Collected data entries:
== == ==

lemma kappa_exchange_finite: "finite K \<Longrightarrow> kappa_exchange K X L \<longleftrightarrow> exchange_below X L (card K)"
  unfolding kappa_exchange_def exchange_below_def using card_of_ordLess_finite_iff[of K] by auto

lemma kappa_exchange_infinite:
  assumes "liner X L" "infinite K"
  shows "kappa_exchange K X L \<longleftrightarrow> exchange X L"
proof -
  have "kappa_exchange K X L \<longleftrightarrow> set_exchange X L"
  proof
    assume "kappa_exchange K X L"
    then have "\<forall>n. exchange_below X L n"
      unfolding kappa_exchange_def exchange_below_def
      using card_of_ordLess_infinite[OF _ \<open>infinite K\<close>] by blast
    then show "set_exchange X L" using all_exchange_below_iff_set_exchange[OF assms(1)] by blast
  qed (auto simp: kappa_exchange_def set_exchange_def)
  then show ?thesis using exchange_iff_set_exchange[OF assms(1)] by blast
qed

theorem theorem2p3p5:
  fixes X :: "'a set" and L :: "'a set set" and K :: "'k set"
  assumes "liner X L"
  shows "(kappa_ranked K X L \<longleftrightarrow> kappa_exchange K X L) \<and> (ranked X L \<longleftrightarrow> exchange X L)"
proof
  show ranked_exchange: "ranked X L \<longleftrightarrow> exchange X L" using ranked_iff_exchange[OF assms] .
  show "kappa_ranked K X L \<longleftrightarrow> kappa_exchange K X L"
  proof (cases "finite K")
    case True
    then show ?thesis
      using kappa_ranked_finite kappa_exchange_finite ranked_upto_iff_exchange_below[OF assms] by blast
  next
    case False
    then show ?thesis
      using kappa_ranked_infinite kappa_exchange_infinite[OF assms] ranked_exchange by blast
  qed
qed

== == ==

Would you copy every line of the entries in which "unfolding" appears?

  unfolding kappa_exchange_def exchange_below_def using card_of_ordLess_finite_iff[of K] by auto
      unfolding kappa_exchange_def exchange_below_def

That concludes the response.